Elon Musk’s Neuralink has been make waves on the technological side of neural implants, but that has yet to show how we might actually use implants. For now, the demonstration of the promise of implants remains in the hands of the academic community.
This week, this community provided a impressive example of the promise of neural implants. Using an implant, a paralyzed individual managed to type around 90 characters per minute just by imagining he was writing those characters by hand.
Previous attempts to provide typing skills to paralyzed people via implants have involved giving subjects a virtual keyboard and letting them maneuver a cursor with their minds. The process is efficient but slow, and requires the user’s full attention, as the subject must follow the progress of the cursor and determine when to perform the equivalent of pressing a key. It also forces the user to spend time learning how to control the system.
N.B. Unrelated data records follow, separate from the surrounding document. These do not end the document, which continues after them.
(* Let $F$ be a field of characteristic $2$ and let $a,b\in F$ with $[F^2(a,b):F^2]=4$. Let $\beta=\langle a+1,a,b,ab\rangle_b$ be the diagonal bilinear form. Then $\beta$ is anisotropic, $G_F(q_\beta)=F^2(a,b)^*$, and $G_F(\beta)=F^2(a)^*$. In particular, $G_F(\beta)\subsetneq G_F(q_\beta)$.
   Context: $\langle c_1,\dots,c_n\rangle_b$ denotes the diagonal bilinear form $\sum c_ix_iy_i$. For a bilinear form $\beta$ on $V$, $q_\beta$ is the totally singular quadratic form $x\mapsto\beta(x,x)$. For a bilinear or quadratic form $\psi$, $G_F(\psi)=\{c\in F^*:\psi\cong c\psi\}$ is its group of similarity factors. *)

theory Defs
  imports "HOL-Analysis.Analysis"
begin

definition is_subfield :: "'a::field set \<Rightarrow> bool" where
  "is_subfield K \<longleftrightarrow> 0 \<in> K \<and> 1 \<in> K \<and>
     (\<forall>x\<in>K. \<forall>y\<in>K. x + y \<in> K \<and> x - y \<in> K \<and> x * y \<in> K) \<and>
     (\<forall>x\<in>K. inverse x \<in> K)"

definition gen_field :: "'a::field set \<Rightarrow> 'a set \<Rightarrow> 'a set" where
  "gen_field K A = \<Inter>{L. is_subfield L \<and> K \<union> A \<subseteq> L}"

definition squares :: "'a::field set" where
  "squares = range (\<lambda>x. x ^ 2)"

definition ext_degree_eq :: "'a::field set \<Rightarrow> 'a set \<Rightarrow> nat \<Rightarrow> bool" where
  "ext_degree_eq L K n \<longleftrightarrow> (\<exists>v::nat \<Rightarrow> 'a. (\<forall>i<n. v i \<in> L) \<and>
     (\<forall>c. (\<forall>i<n. c i \<in> K) \<and> (\<Sum>i<n. c i * v i) = 0 \<longrightarrow> (\<forall>i<n. c i = 0)) \<and>
     (\<forall>x\<in>L. \<exists>c. (\<forall>i<n. c i \<in> K) \<and> x = (\<Sum>i<n. c i * v i)))"

definition diag_bil4 :: "'a::field \<Rightarrow> 'a \<Rightarrow> 'a \<Rightarrow> 'a \<Rightarrow> 'a^4 \<Rightarrow> 'a^4 \<Rightarrow> 'a" where
  "diag_bil4 c1 c2 c3 c4 x y =
     c1 * x$1 * y$1 + c2 * x$2 * y$2 + c3 * x$3 * y$3 + c4 * x$4 * y$4"

definition qform :: "('v \<Rightarrow> 'v \<Rightarrow> 'a) \<Rightarrow> 'v \<Rightarrow> 'a" where
  "qform B x = B x x"

definition anisotropic_bil :: "('a::field^'n \<Rightarrow> 'a^'n \<Rightarrow> 'a) \<Rightarrow> bool" where
  "anisotropic_bil B \<longleftrightarrow> (\<forall>x. x \<noteq> 0 \<longrightarrow> B x x \<noteq> 0)"

definition sim_factors_bil :: "('a::field^'n \<Rightarrow> 'a^'n \<Rightarrow> 'a) \<Rightarrow> 'a set" where
  "sim_factors_bil B = {c. c \<noteq> 0 \<and> (\<exists>M::'a^'n^'n. invertible M \<and>
      (\<forall>x y. B (M *v x) (M *v y) = c * B x y))}"

definition sim_factors_quad :: "('a::field^'n \<Rightarrow> 'a) \<Rightarrow> 'a set" where
  "sim_factors_quad Q = {c. c \<noteq> 0 \<and> (\<exists>M::'a^'n^'n. invertible M \<and>
      (\<forall>x. Q (M *v x) = c * Q x))}"

end

theory Submission
  imports Defs
begin

text \<open>In characteristic 2 squaring is additive, so q_beta(x) = x1^2 + a (x1 + x2)^2 + b x3^2 + ab x4^2
  is the square of x1 + (x1 + x2)\<surd>a + x3\<surd>b + x4\<surd>(ab). Since [F^2(a,b):F^2] = 4, the
  elements 1, a, b, ab are F^2-independent; hence q_beta is anisotropic and its values are exactly
  F^2(a,b). Multiplication by A + B\<surd>a + C\<surd>b + D\<surd>(ab) is a similarity of q_beta with
  factor A^2 + B^2 a + C^2 b + D^2 ab, which gives G(q_beta) = F^2(a,b)^*; for C = D = 0 it is even a
  similarity of beta. Conversely, a similarity M of beta with factor c = A^2 + B^2 a + C^2 b + D^2 ab
  maps e1, e2 to vectors whose q_beta-values c (a + 1) and c a determine their coordinates, and
  orthogonality of M e1 and M e2 then reads ab (C^2 + D^2 a) = 0, forcing C = D = 0.\<close>

lemma char2_add_self:
  assumes "CHAR('a::field) = 2"
  shows "x + x = (0::'a)"
  using assms by (metis mult_2 mult_zero_left of_nat_CHAR of_nat_numeral)

lemma char2_add_self_left:
  assumes "CHAR('a::field) = 2"
  shows "x + (x + y) = (y::'a)"
  by (simp add: char2_add_self[OF assms] flip: add.assoc)

lemma char2_eqI:
  assumes "CHAR('a::field) = 2" and "x + y = (0::'a)"
  shows "x = y"
  by (metis assms add_left_cancel char2_add_self)

lemma char2_diff_eq_add:
  assumes "CHAR('a::field) = 2"
  shows "x - y = x + (y::'a)"
  by (metis assms add_diff_cancel_left' char2_add_self_left diff_add_cancel)

lemma char2_power2_add:
  assumes "CHAR('a::field) = 2"
  shows "(x + y)^2 = x^2 + (y::'a)^2"
proof -
  have "(x + y)^2 = x^2 + y^2 + (x*y + x*y)"
    by (simp add: power2_eq_square algebra_simps)
  then show ?thesis by (simp add: char2_add_self[OF assms])
qed

lemma char2_power2_inj:
  assumes "CHAR('a::field) = 2" and "x^2 = (y::'a)^2"
  shows "x = y"
proof (rule char2_eqI[OF assms(1)])
  have "(x + y)^2 = 0"
    using assms by (simp add: char2_power2_add char2_add_self)
  then show "x + y = 0" by simp
qed

lemma subfield_0: "is_subfield K \<Longrightarrow> 0 \<in> K"
  and subfield_1: "is_subfield K \<Longrightarrow> 1 \<in> K"
  and subfield_add: "is_subfield K \<Longrightarrow> x \<in> K \<Longrightarrow> y \<in> K \<Longrightarrow> x + y \<in> K"
  and subfield_diff: "is_subfield K \<Longrightarrow> x \<in> K \<Longrightarrow> y \<in> K \<Longrightarrow> x - y \<in> K"
  and subfield_mult: "is_subfield K \<Longrightarrow> x \<in> K \<Longrightarrow> y \<in> K \<Longrightarrow> x * y \<in> K"
  and subfield_inverse: "is_subfield K \<Longrightarrow> x \<in> K \<Longrightarrow> inverse x \<in> K"
  by (simp_all add: is_subfield_def)

lemma subfield_divide: "is_subfield K \<Longrightarrow> x \<in> K \<Longrightarrow> y \<in> K \<Longrightarrow> x / y \<in> K"
  by (simp add: divide_inverse subfield_inverse subfield_mult)

lemma power2_in_squares [simp]: "x^2 \<in> squares"
  by (simp add: squares_def)

lemma squaresE:
  assumes "x \<in> squares"
  obtains y where "x = y^2"
  using assms by (auto simp: squares_def)

lemma is_subfield_squares:
  assumes "CHAR('a::field) = 2"
  shows "is_subfield (squares :: 'a set)"
  unfolding is_subfield_def
proof (intro conjI ballI)
  show "(0::'a) \<in> squares" "(1::'a) \<in> squares"
    using power2_in_squares[of "0::'a"] power2_in_squares[of "1::'a"] by simp_all
next
  fix x y :: 'a assume "x \<in> squares" "y \<in> squares"
  then obtain u v where "x = u^2" "y = v^2" by (metis squaresE)
  then show "x + y \<in> squares" "x - y \<in> squares" "x * y \<in> squares"
    by (simp_all flip: char2_power2_add[OF assms] power_mult_distrib
        add: char2_diff_eq_add[OF assms])
next
  fix x :: 'a assume "x \<in> squares"
  then show "inverse x \<in> squares"
    by (metis power2_in_squares power_inverse squaresE)
qed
But there are other possible ways to get characters out of the brain and place them on the page. Somewhere in our writing thought process, we form the intention to use a specific character, and using an implant to follow that intention could potentially work. Unfortunately, the process is not particularly well understood.
Downstream from this intention, a decision is transmitted to the motor cortex, where it translates into actions. Again, there is an intention stage, where the motor cortex determines that it will form the letter (by typing or writing, for example), which is then translated into specific muscle movements needed to perform the action. These processes are much better understood and this is what the research team has targeted for their new work.
Specifically, the researchers placed two implants in the premotor cortex of a paralyzed person. It is believed that this area is involved in the formation of intentions to perform movements. Catching these intentions is much more likely to produce a clear signal than capturing the movements themselves, which are likely to be complex (any movement involves multiple muscles) and depend on the context (where your hand is in relation to the page on which you are writing, etc.).
With the implants in the right place, the researchers asked the participant to imagine writing letters on a page and recording neural activity as he did so.
In total, there were approximately 200 electrodes in the participant’s premotor cortex. Not all of them were informative for letter writing. But for those who were, the authors performed principal component analysis, which identified the characteristics of neural recordings that differed the most when various letters were imagined. By converting these recordings to a two-dimensional plot, it was evident that the activity observed when writing a single character was always clustered. And physically similar characters –p and b, for example, or h, not, and r: Clusters formed close to each other.
(The researchers also asked the participant to make punctuation marks such as a comma and question mark and used a> to denote a space and a tilde for a period.)
Overall, the researchers found they could decipher appropriateness with just over 94% accuracy, but the system required relatively slow analysis after recording neural data. To make things work in real time, the researchers trained a recurrent neural network to estimate the probability of a signal matching each letter.
Despite working with a relatively small amount of data (only 242 character sentences), the system performed remarkably well. The time lag between the thought and a character appearing on the screen was about half a second, and the participant was able to produce around 90 characters per minute, easily surpassing the previous record for implant typing, which was of about 25 characters per minute. The raw error rate was around 5% and applying a system such as automatic keystroke correction could reduce the error rate to 1%.
The tests were all done with prepared sentences. Once the system was validated, however, the researchers asked the participant to type free-form responses to the questions. Here the speed decreased a bit (75 characters per minute) and the errors increased by 2% after autocorrection, but the system was still working.